An Exhibit
September 14 - November 16, 2009
Hodges Reading Room
Bob Watson was born in Passaic, New Jersey and educated at Williams College (B.A.) and Johns Hopkins University (M.A., Ph.D.) after serving in the U.S. Naval Reserve in World War II; in addition he attended the University of Zurich as a Swiss-American exchange student. In 1952 he married Betty Rean and the next year joined the English faculty at the Woman's College of North Carolina for his first full-time teaching position. He remained on the UNCG faculty until his retirement in 1987, having obtained the rank of Professor in 1964.
An organizer and director of the formal MFA Writing Program at UNCG, he also was co-founder in 1966 (with Lawrence Reynolds) of the nationally acclaimed Greensboro Review.
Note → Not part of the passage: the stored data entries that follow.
(* Let $(G,M,\Delta)$ be a Garside structure, $(H,N,\delta)$ a parabolic substructure, and $T$ the set of $(H,N)$-reduced elements of $G$. Let $\theta\in T\setminus M$ with right $\Delta$-form $\theta=c\Delta^{-p}$, $p\ge1$, and let $b\in N$. Then $bc$ is unmovable and $bc\Delta^{-p}$ is the right $\Delta$-form of $b\theta$.
   Context: Let $G$ be a group and $M$ a submonoid with $M\cap M^{-1}=\{1\}$. Define $\alpha\le_L\beta$ iff $\alpha^{-1}\beta\in M$, and $\alpha\le_R\beta$ iff $\beta\alpha^{-1}\in M$. For $a\in M$ let $\mathrm{Div}_L(a)=\{b\in M: b\le_L a\}$, $\mathrm{Div}_R(a)=\{b\in M: b\le_R a\}$; $a$ is balanced if these coincide, and then $\mathrm{Div}(a)$ denotes this set. $M$ is Noetherian if each $a\in M$ admits an $n$ such that $a$ is not a product of more than $n$ non-trivial factors. A Garside structure $(G,M,\Delta)$: $\Delta\in M$ balanced, $M$ Noetherian, $\mathrm{Div}(\Delta)$ finite and generating $M$ as a monoid and $G$ as a group, $(G,\le_L)$ a lattice with meet $\wedge_L$. A parabolic substructure $(H,N,\delta)$: $\delta\in M$ balanced, $H$ (resp. $N$) the subgroup (resp. submonoid) generated by $\mathrm{Div}(\delta)$, and $\mathrm{Div}(\delta)=\mathrm{Div}(\Delta)\cap N$; it is assumed $H\ne\{1\}$. Put $\omega=\delta^{-1}\Delta$. $a\in M$ is unmovable if $\Delta\not\le_L a$; every $\alpha\in G$ has a unique right $\Delta$-form $\alpha=a\Delta^p$ ($a\in M$ unmovable, $p\in\mathbb Z$). $a\in M$ is $N$-reduced if $a\wedge_L\delta=1$. $\alpha$ with right $\Delta$-form $a\Delta^p$ is $(H,N)$-reduced if $a$ is $N$-reduced and either $p=0$, or $p<0$ and $\omega\not\le_L a$. *)

theory Defs
  imports "HOL-Algebra.Algebra"
begin

definition submonoid_of :: "('a, 'b) monoid_scheme \<Rightarrow> 'a set \<Rightarrow> bool" where
  "submonoid_of G M \<longleftrightarrow> M \<subseteq> carrier G \<and> \<one>\<^bsub>G\<^esub> \<in> M
     \<and> (\<forall>x\<in>M. \<forall>y\<in>M. x \<otimes>\<^bsub>G\<^esub> y \<in> M)"

definition pointed :: "('a, 'b) monoid_scheme \<Rightarrow> 'a set \<Rightarrow> bool" where
  "pointed G M \<longleftrightarrow> M \<inter> (\<lambda>x. inv\<^bsub>G\<^esub> x) ` M = {\<one>\<^bsub>G\<^esub>}"

definition leL :: "('a, 'b) monoid_scheme \<Rightarrow> 'a set \<Rightarrow> 'a \<Rightarrow> 'a \<Rightarrow> bool" where
  "leL G M x y \<longleftrightarrow> inv\<^bsub>G\<^esub> x \<otimes>\<^bsub>G\<^esub> y \<in> M"

definition leR :: "('a, 'b) monoid_scheme \<Rightarrow> 'a set \<Rightarrow> 'a \<Rightarrow> 'a \<Rightarrow> bool" where
  "leR G M x y \<longleftrightarrow> y \<otimes>\<^bsub>G\<^esub> inv\<^bsub>G\<^esub> x \<in> M"

definition DivL :: "('a, 'b) monoid_scheme \<Rightarrow> 'a set \<Rightarrow> 'a \<Rightarrow> 'a set" where
  "DivL G M a = {b \<in> M. leL G M b a}"

definition DivR :: "('a, 'b) monoid_scheme \<Rightarrow> 'a set \<Rightarrow> 'a \<Rightarrow> 'a set" where
  "DivR G M a = {b \<in> M. leR G M b a}"

definition balanced :: "('a, 'b) monoid_scheme \<Rightarrow> 'a set \<Rightarrow> 'a \<Rightarrow> bool" where
  "balanced G M a \<longleftrightarrow> a \<in> M \<and> DivL G M a = DivR G M a"

text \<open>Div(a), meaningful for balanced a.\<close>
definition Div :: "('a, 'b) monoid_scheme \<Rightarrow> 'a set \<Rightarrow> 'a \<Rightarrow> 'a set" where
  "Div G M a = DivL G M a"

definition lprod :: "('a, 'b) monoid_scheme \<Rightarrow> 'a list \<Rightarrow> 'a" where
  "lprod G xs = foldr (\<lambda>x y. x \<otimes>\<^bsub>G\<^esub> y) xs \<one>\<^bsub>G\<^esub>"

definition noetherian :: "('a, 'b) monoid_scheme \<Rightarrow> 'a set \<Rightarrow> bool" where
  "noetherian G M \<longleftrightarrow> (\<forall>a\<in>M. \<exists>n::nat. \<forall>xs. set xs \<subseteq> M - {\<one>\<^bsub>G\<^esub>} \<and> lprod G xs = a
      \<longrightarrow> length xs \<le> n)"

definition monoid_gen :: "('a, 'b) monoid_scheme \<Rightarrow> 'a set \<Rightarrow> 'a set" where
  "monoid_gen G S = {lprod G xs | xs. set xs \<subseteq> S}"

definition is_glbL :: "('a, 'b) monoid_scheme \<Rightarrow> 'a set \<Rightarrow> 'a \<Rightarrow> 'a \<Rightarrow> 'a \<Rightarrow> bool" where
  "is_glbL G M x y z \<longleftrightarrow> z \<in> carrier G \<and> leL G M z x \<and> leL G M z y
     \<and> (\<forall>w\<in>carrier G. leL G M w x \<and> leL G M w y \<longrightarrow> leL G M w z)"

definition is_lubL :: "('a, 'b) monoid_scheme \<Rightarrow> 'a set \<Rightarrow> 'a \<Rightarrow> 'a \<Rightarrow> 'a \<Rightarrow> bool" where
  "is_lubL G M x y z \<longleftrightarrow> z \<in> carrier G \<and> leL G M x z \<and> leL G M y z
     \<and> (\<forall>w\<in>carrier G. leL G M x w \<and> leL G M y w \<longrightarrow> leL G M z w)"

definition lattice_L :: "('a, 'b) monoid_scheme \<Rightarrow> 'a set \<Rightarrow> bool" where
  "lattice_L G M \<longleftrightarrow> (\<forall>x\<in>carrier G. \<forall>y\<in>carrier G.
      (\<exists>z. is_glbL G M x y z) \<and> (\<exists>z. is_lubL G M x y z))"

definition meetL :: "('a, 'b) monoid_scheme \<Rightarrow> 'a set \<Rightarrow> 'a \<Rightarrow> 'a \<Rightarrow> 'a" where
  "meetL G M x y = (THE z. is_glbL G M x y z)"

definition garside :: "('a, 'b) monoid_scheme \<Rightarrow> 'a set \<Rightarrow> 'a \<Rightarrow> bool" where
  "garside G M \<Delta> \<longleftrightarrow> group G \<and> submonoid_of G M \<and> pointed G M
     \<and> balanced G M \<Delta> \<and> noetherian G M \<and> finite (Div G M \<Delta>)
     \<and> monoid_gen G (Div G M \<Delta>) = M \<and> generate G (Div G M \<Delta>) = carrier G
     \<and> lattice_L G M"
The author of five collections of poetry, two novels, and two plays, as well as numerous other publications, Watson has received many honors for his work. In 1962 he was the first resident of North Carolina chosen to read on the Poetry Circuit, established by the UNC Press. His 1966 collection of poems, Advantages of Dark, was nominated for the Pulitzer Prize for Poetry. In 1972 he was invited by the Library of Congress to participate in their series of Poetry Readings under the auspices of the Gertrude Clarke Whittall Poetry and Literature Fund. In 1974 he received a grant from the National Endowment for the Arts and in 1977 a grant from the American Academy and Institute of Arts and Letters "for literary excellence and promise of important work to come."